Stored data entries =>
lemma integral_PiM_component:
  fixes F :: "'a \<Rightarrow> 'b::{banach, second_countable_topology}" and N :: nat
  assumes "integrable M F" and "i < N"
  shows "integrable (PiM {..<N} (\<lambda>_. M)) (\<lambda>\<omega>. F (\<omega> i))"
    and "(\<integral>\<omega>. F (\<omega> i) \<partial>PiM {..<N} (\<lambda>_. M)) = integral\<^sup>L M F"
proof -
  have F_measurable: "F \<in> borel_measurable M" using assms(1) by auto
  have distr_eq: "distr (PiM {..<N} (\<lambda>_. M)) M (\<lambda>\<omega>. \<omega> i) = M"
    using \<open>i < N\<close> by (intro distr_PiM_component) (auto intro: prob_space_axioms)
  have component: "(\<lambda>\<omega>. \<omega> i) \<in> measurable (PiM {..<N} (\<lambda>_. M)) M"
    using \<open>i < N\<close> by (intro measurable_component_singleton) auto
  show "integrable (PiM {..<N} (\<lambda>_. M)) (\<lambda>\<omega>. F (\<omega> i))"
    using integrable_distr_eq[OF component F_measurable] distr_eq assms(1) by simp
  show "(\<integral>\<omega>. F (\<omega> i) \<partial>PiM {..<N} (\<lambda>_. M)) = integral\<^sup>L M F"
    using integral_distr[OF component F_measurable] distr_eq by simp
qed

lemma integral_PiM_two_components:
  fixes g h :: "'a \<Rightarrow> real" and N :: nat
  assumes g: "integrable M g" and h: "integrable M h" and "i < N" "j < N" "i \<noteq> j"
  shows "integrable (PiM {..<N} (\<lambda>_. M)) (\<lambda>\<omega>. g (\<omega> i) * h (\<omega> j))"
    and "(\<integral>\<omega>. g (\<omega> i) * h (\<omega> j) \<partial>PiM {..<N} (\<lambda>_. M)) = integral\<^sup>L M g * integral\<^sup>L M h"
proof -
  interpret product_sigma_finite "\<lambda>_::nat. M"
    by (simp add: product_sigma_finite_def sigma_finite_measure)
  define F where "F k = (if k = i then g else if k = j then h else (\<lambda>_. 1))" for k
  have F: "integrable M (F k)" for k
    unfolding F_def using g h by auto
  have two_factors: "(\<Prod>k<N. (if k = i then a else if k = j then b else 1)) = a * b" for a b :: real
    using assms(3-5) by (subst prod.If_cases) (auto simp: prod.delta)
  have "(\<Prod>k<N. F k (\<omega> k)) = g (\<omega> i) * h (\<omega> j)" for \<omega>
    unfolding two_factors[symmetric] by (intro prod.cong) (auto simp: F_def)
  moreover have "(\<Prod>k<N. integral\<^sup>L M (F k)) = integral\<^sup>L M g * integral\<^sup>L M h"
    unfolding two_factors[symmetric] by (intro prod.cong) (auto simp: F_def prob_space)
  ultimately show "integrable (PiM {..<N} (\<lambda>_. M)) (\<lambda>\<omega>. g (\<omega> i) * h (\<omega> j))"
    and "(\<integral>\<omega>. g (\<omega> i) * h (\<omega> j) \<partial>PiM {..<N} (\<lambda>_. M)) = integral\<^sup>L M g * integral\<^sup>L M h"
    using product_integrable_prod[of "{..<N}" F] product_integral_prod[of "{..<N}" F] F by simp_all
qed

Exercise goal =>
An exact repeat of the lines from the one containing "F by simp_all" through the final line of the entries is the whole answer.

Solution below =>
    using product_integrable_prod[of "{..<N}" F] product_integral_prod[of "{..<N}" F] F by simp_all
qed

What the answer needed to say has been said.